【9.15校内测试】【寻找扩展可行域+特判】【Trie树 异或最小生成树】【模拟:)】

之前都没做出来的同名题简直留下心理阴影啊...其实这道题还是挺好想的QAQ

可以发现,鸟可以走到的点是如下图这样扩展的:

 

由$(0,0)$向两边扩展,黑色是可以扩展到的点,红色是不能扩展的点,可以推出,在扩展的区间内,横纵坐标奇偶性相同的点就可以被扩展到,反之则一定不可以。

接下来看有柱子的情况:

 

 可以发现,遇到柱子时,可行的区域就变成了与柱子的区域取交集,然后接着向后扩展,直到遇到下一个柱子。

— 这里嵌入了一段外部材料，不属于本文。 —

(* Let $V = k[[t]]$ be the formal power series ring over a field $k$, and set $R = k[[t^3, t^8, t^{13}]]$ and $S = k[[t^3, t^5]]$, subrings of $V$. Then $R$ is strictly closed in $S$, but $R$ is not strictly closed in $V$.
   Context: For an extension of commutative rings $R \subseteq S$, the strict closure of $R$ in $S$ is $R^* = \{\alpha \in S \mid \alpha\otimes 1 = 1\otimes \alpha \text{ in } S\otimes_R S\}$; $R$ is strictly closed in $S$ if $R=R^*$. *)

theory Defs
  imports "HOL-Computational_Algebra.Formal_Power_Series"
begin

text \<open>Elements of the free abelian group on S \<times> S are represented as integer-valued
  functions on pairs (all elements produced below have finite support).
  The tensor product S \<otimes>_R S is the quotient of this free abelian group by the
  subgroup generated by the bilinearity and R-balancedness relations.\<close>

definition basis_elt :: "'a \<times> 'a \<Rightarrow> ('a \<times> 'a \<Rightarrow> int)" where
  "basis_elt p = (\<lambda>q. if q = p then 1 else 0)"

inductive_set tensor_rel :: "'a::comm_ring_1 set \<Rightarrow> 'a set \<Rightarrow> ('a \<times> 'a \<Rightarrow> int) set"
  for R :: "'a set" and S :: "'a set" where
  zero: "(\<lambda>_. 0) \<in> tensor_rel R S"
| add_left: "\<lbrakk>s \<in> S; s' \<in> S; u \<in> S\<rbrakk> \<Longrightarrow>
     (\<lambda>q. basis_elt (s + s', u) q - basis_elt (s, u) q - basis_elt (s', u) q) \<in> tensor_rel R S"
| add_right: "\<lbrakk>s \<in> S; u \<in> S; u' \<in> S\<rbrakk> \<Longrightarrow>
     (\<lambda>q. basis_elt (s, u + u') q - basis_elt (s, u) q - basis_elt (s, u') q) \<in> tensor_rel R S"
| balanced: "\<lbrakk>r \<in> R; s \<in> S; u \<in> S\<rbrakk> \<Longrightarrow>
     (\<lambda>q. basis_elt (r * s, u) q - basis_elt (s, r * u) q) \<in> tensor_rel R S"
| plus: "\<lbrakk>x \<in> tensor_rel R S; y \<in> tensor_rel R S\<rbrakk> \<Longrightarrow> (\<lambda>q. x q + y q) \<in> tensor_rel R S"
| neg: "x \<in> tensor_rel R S \<Longrightarrow> (\<lambda>q. - x q) \<in> tensor_rel R S"

text \<open>\<alpha> \<otimes> 1 = 1 \<otimes> \<alpha> in S \<otimes>_R S\<close>
definition tensor_sym :: "'a::comm_ring_1 set \<Rightarrow> 'a set \<Rightarrow> 'a \<Rightarrow> bool" where
  "tensor_sym R S \<alpha> \<longleftrightarrow> (\<lambda>q. basis_elt (\<alpha>, 1) q - basis_elt (1, \<alpha>) q) \<in> tensor_rel R S"

definition strict_closure :: "'a::comm_ring_1 set \<Rightarrow> 'a set \<Rightarrow> 'a set" where
  "strict_closure R S = {\<alpha> \<in> S. tensor_sym R S \<alpha>}"

definition strictly_closed :: "'a::comm_ring_1 set \<Rightarrow> 'a set \<Rightarrow> bool" where
  "strictly_closed R S \<longleftrightarrow> strict_closure R S = R"

text \<open>k[[t^{a_1},...,t^{a_m}]] is the (t-adically closed) subring of k[[t]] of power series
  whose support lies in the numerical semigroup generated by a_1,...,a_m.\<close>
definition semigroup_fps :: "nat set \<Rightarrow> 'a::field fps set" where
  "semigroup_fps G = {f. \<forall>n. fps_nth f n \<noteq> 0 \<longrightarrow> n \<in> G}"

definition R_3_8_13 :: "'a::field fps set" where
  "R_3_8_13 = semigroup_fps {3*a + 8*b + 13*c | a b c. True}"

definition S_3_5 :: "'a::field fps set" where
  "S_3_5 = semigroup_fps {3*a + 5*b | a b. True}"

end

theory Submission
  imports Defs
begin

text \<open>Every R-balanced biadditive form \<open>B\<close> on \<open>S \<times> S\<close> factors through \<open>S \<otimes>\<^sub>R S\<close>, so
  \<open>\<alpha> \<otimes> 1 = 1 \<otimes> \<alpha>\<close> forces \<open>B (\<alpha>, 1) = B (1, \<alpha>)\<close>. For the semigroup rings at hand the
  exponents 5 and 10 are the only ones of \<open>\<langle>3, 5\<rangle>\<close> missing from \<open>\<langle>3, 8, 13\<rangle>\<close>, and neither
  can be written as a nonzero element of \<open>\<langle>3, 8, 13\<rangle>\<close> plus an element of \<open>\<langle>3, 5\<rangle>\<close>.
  Hence \<open>B (f, g) = f\<^sub>n g\<^sub>0\<close> is balanced for \<open>n \<in> {5, 10}\<close>, and it separates \<open>\<alpha> \<otimes> 1\<close> from
  \<open>1 \<otimes> \<alpha>\<close> as soon as \<open>\<alpha>\<^sub>n \<noteq> 0\<close>. Over \<open>k[[t]]\<close> the element \<open>t\<^sup>2\<close> becomes available and
  \<open>t\<^sup>10 \<otimes> 1 = t\<^sup>2 \<otimes> t\<^sup>8 = t\<^sup>5 \<otimes> t\<^sup>5 = t\<^sup>8 \<otimes> t\<^sup>2 = 1 \<otimes> t\<^sup>10\<close>, moving only \<open>t\<^sup>3\<close> and \<open>t\<^sup>8\<close>
  across the tensor sign, although \<open>t\<^sup>10 \<notin> R\<close>.\<close>

definition tensor_eval :: "('a \<times> 'a \<Rightarrow> 'b::comm_ring_1) \<Rightarrow> ('a \<times> 'a \<Rightarrow> int) \<Rightarrow> 'b" where
  "tensor_eval B x = (\<Sum>q | x q \<noteq> 0. of_int (x q) * B q)"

我们最后要找的实际上就是横坐标为$m$时可行区域的下界,可以证明到下界按的次数一定是最少的。而求到一个点需要按的次数就直接用$(x+y)/2$就可以叻。

【注意】当当前范围左右端点不可行时要缩小范围。

#include<iostream>
#include<cstdio>
using namespace std;

long long read ( long long & x ) {
    x = 0; char ch = getchar ( ); int t = 1;
    while ( ch > '9' || ch < '0' ) { if ( ch == '-' ) t = -1; ch = getchar ( ); }
    while ( ch >= '0' && ch <= '9' ) { x = x * 10 + ch - '0'; ch = getchar ( ); }
    x = x * t;
}

long long p, q, m, n;
long long pos[1000005], b[1000005], c[1000005], L[1000005], R[1000005];
int main ( ) {
    freopen ( "bird.in", "r", stdin );
    freopen ( "bird.out", "w", stdout );
    scanf ( "%lld%lld%lld%lld", &p, &q, &m, &n );
    for ( int i = 1; i <= n; i ++ )
        read ( pos[i] ), read ( b[i] ), read ( c[i] );
    if ( q - p == 2 ) {
        printf ( "-1" ); return 0;
    }
    int i;
    long long l, r;
    for ( i = 1; i <= n && pos[i] <= m; i ++ ) {
        L[i] = L[i-1] - ( pos[i] - pos[i-1] );
        R[i] = R[i-1] + ( pos[i] - pos[i-1] );
        L[i] = max ( b[i] + 1, L[i] );
        R[i] = min ( c[i] - 1, R[i] );
        if ( pos[i] % 2 ) {
            if ( L[i] % 2 == 0 ) L[i] += 1;
            if ( R[i] % 2 == 0 ) R[i] -= 1;
        } else {
            if ( L[i] % 2 ) L[i] += 1;
            if ( R[i] % 2 ) R[i] -= 1;
        }
        if ( L[i] > R[i] ) { printf ( "-1" ); return 0; }
    }
    i --;
    l = L[i] - ( m - pos[i] );
    r = R[i] + ( m - pos[i] );
    l = max ( p + 1, l );
    r = min ( q - 1, r );
    if ( m % 2 ) {
        if ( l % 2 == 0 ) l += 1;
        if ( r % 2 == 0 ) r -= 1;
    } else {
        if ( l % 2 ) l += 1;
        if ( r % 2 ) r -= 1;
    }
    if ( l > r ) { printf ( "-1" ); return 0; }
    else printf ( "%lld", ( l + m ) >> 1 );
    return 0;
}

关于按位运算的总是和$Trie$树有关啊...

可是考场上怎么也想不到怎么利用$Trie$树处理最小生成树。

最后发现原理其实还是挺简单的,就是代码实现...(最后用自己的写法$A$掉叻简直无敌激动啊!!

首先把所有数建成一棵$Trie$树,如下:

上图表示了1到7的所有数(统一位数后),可以发现,在叶子节点位置的相邻两个相连一定是当前最优的连法,因为这样连的代价一定是1:

于是现在要向上走合并两个子树:

比如合并如上子树时,实际上是要在两个子树中各找一个数,使这两个树的异或值是当前最小的。而且合并相邻两个子树一定比跳子树合并要优,相当于保证了前面位数一样,只看后面不一样的部分,相邻的子树前面一样的部分一定是最优的。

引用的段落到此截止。